*WORK ITEM*
With every mark kept, transcribe all of the records.

• • • • • • •

(* Let $U_n\in(\mathcal{V}_0)^N\cap\mathcal{M}_{\leqslant}^{N;N_g}$ be an iterate of the quasi-orthogonal scheme described in the context, with step size $s_n<\frac{2}{|\lambda_1-\lambda_{\max}|}$, and let $U_{n+1}$ be produced from $U_n$ by one step of that scheme. Then the components of $U_{n+1}$ are linearly independent, i.e. $U_{n+1}^\top U_{n+1}>0$.
   Context: Let $\mathcal{V}^{N_g}$ be a real Hilbert space of finite dimension $N_g$ with inner product $(\cdot,\cdot)$ (in the paper a finite element subspace of $H_0^1(\Omega)$ with the $L^2(\Omega)$ inner product), and let $H:\mathcal{V}^{N_g}\to\mathcal{V}^{N_g}$ be a self-adjoint linear operator with smallest eigenvalue $\lambda_1$ and largest eigenvalue $\lambda_{\max}$; it is assumed that $\lambda_1<0$. Fix $N\in\mathbb{N}_+$. Elements of $(\mathcal{V}^{N_g})^N$ are written $U=(u_1,\dots,u_N)$; $U^\top V=((u_i,v_j))_{i,j=1}^N$; for a real $N\times N$ matrix $A=(a_{kj})$, $UA$ is the element whose $j$-th component is $\sum_k a_{kj}u_k$; $HU=(Hu_1,\dots,Hu_N)$. For symmetric matrices, $A\leqslant B$ means $B-A$ is positive semidefinite and $A>0$ means positive definite. Set $\nabla E(U)=HU$. For $U\in(\mathcal{V}^{N_g})^N$, $\mathcal{A}_U=\nabla E(U)U^\top-U\nabla E(U)^\top$ is the linear operator on $\mathcal{V}^{N_g}$ given by $\mathcal{A}_Uw=\sum_{i=1}^N\big(Hu_i\,(u_i,w)-u_i\,(Hu_i,w)\big)$, applied componentwise to elements of $(\mathcal{V}^{N_g})^N$. The quasi-Stiefel set is $\mathcal{M}_{\leqslant}^{N;N_g}=\{U:0<U^\top U\leqslant I_N\}$. Quasi-orthogonal scheme: given step sizes $s_n>0$ with $\sum_n s_n=+\infty$ and initial data $U_0$, $\hat U_{n+1}$ satisfies $\hat U_{n+1}=U_n-s_n\mathcal{A}_{\tilde U_{n+\frac12}}\tilde U_{n+\frac12}$ with $\tilde U_{n+\frac12}=\frac{U_n+\hat U_{n+1}}{2}$, and $U_{n+1}=\hat U_{n+1}-s_n\nabla E(\hat U_{n+1})(I_N-\hat U_{n+1}^\top\hat U_{n+1})$. For $j=1,\dots,N$, let $\mathcal{V}_{0_j}=\operatorname{span}\{v_{j,1},\dots,v_{j,d_j}\}$ ($d_j\geqslant1$) with each $v_{j,k}$ an eigenvector of $H$, and $(\mathcal{V}_0)^N=\mathcal{V}_{0_1}\times\cdots\times\mathcal{V}_{0_N}$. Let $\lambda_{\max}^0=\max_{j,k}\frac{(v_{j,k},Hv_{j,k})}{(v_{j,k},v_{j,k})}$. Standing assumption: $\lambda_{\max}^0\leqslant 0$. *)

theory Defs
  imports "HOL-Analysis.Analysis"
begin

• • • • • • •

*RESPONSE AREA*
(* Let $U_n\in(\mathcal{V}_0)^N\cap\mathcal{M}_{\leqslant}^{N;N_g}$ be an iterate of the quasi-orthogonal scheme described in the context, with step size $s_n<\frac{2}{|\lambda_1-\lambda_{\max}|}$, and let $U_{n+1}$ be produced from $U_n$ by one step of that scheme. Then the components of $U_{n+1}$ are linearly independent, i.e. $U_{n+1}^\top U_{n+1}>0$.
   Context: Let $\mathcal{V}^{N_g}$ be a real Hilbert space of finite dimension $N_g$ with inner product $(\cdot,\cdot)$ (in the paper a finite element subspace of $H_0^1(\Omega)$ with the $L^2(\Omega)$ inner product), and let $H:\mathcal{V}^{N_g}\to\mathcal{V}^{N_g}$ be a self-adjoint linear operator with smallest eigenvalue $\lambda_1$ and largest eigenvalue $\lambda_{\max}$; it is assumed that $\lambda_1<0$. Fix $N\in\mathbb{N}_+$. Elements of $(\mathcal{V}^{N_g})^N$ are written $U=(u_1,\dots,u_N)$; $U^\top V=((u_i,v_j))_{i,j=1}^N$; for a real $N\times N$ matrix $A=(a_{kj})$, $UA$ is the element whose $j$-th component is $\sum_k a_{kj}u_k$; $HU=(Hu_1,\dots,Hu_N)$. For symmetric matrices, $A\leqslant B$ means $B-A$ is positive semidefinite and $A>0$ means positive definite. Set $\nabla E(U)=HU$. For $U\in(\mathcal{V}^{N_g})^N$, $\mathcal{A}_U=\nabla E(U)U^\top-U\nabla E(U)^\top$ is the linear operator on $\mathcal{V}^{N_g}$ given by $\mathcal{A}_Uw=\sum_{i=1}^N\big(Hu_i\,(u_i,w)-u_i\,(Hu_i,w)\big)$, applied componentwise to elements of $(\mathcal{V}^{N_g})^N$. The quasi-Stiefel set is $\mathcal{M}_{\leqslant}^{N;N_g}=\{U:0<U^\top U\leqslant I_N\}$. Quasi-orthogonal scheme: given step sizes $s_n>0$ with $\sum_n s_n=+\infty$ and initial data $U_0$, $\hat U_{n+1}$ satisfies $\hat U_{n+1}=U_n-s_n\mathcal{A}_{\tilde U_{n+\frac12}}\tilde U_{n+\frac12}$ with $\tilde U_{n+\frac12}=\frac{U_n+\hat U_{n+1}}{2}$, and $U_{n+1}=\hat U_{n+1}-s_n\nabla E(\hat U_{n+1})(I_N-\hat U_{n+1}^\top\hat U_{n+1})$. For $j=1,\dots,N$, let $\mathcal{V}_{0_j}=\operatorname{span}\{v_{j,1},\dots,v_{j,d_j}\}$ ($d_j\geqslant1$) with each $v_{j,k}$ an eigenvector of $H$, and $(\mathcal{V}_0)^N=\mathcal{V}_{0_1}\times\cdots\times\mathcal{V}_{0_N}$. Let $\lambda_{\max}^0=\max_{j,k}\frac{(v_{j,k},Hv_{j,k})}{(v_{j,k},v_{j,k})}$. Standing assumption: $\lambda_{\max}^0\leqslant 0$. *)

theory Defs
  imports "HOL-Analysis.Analysis"
begin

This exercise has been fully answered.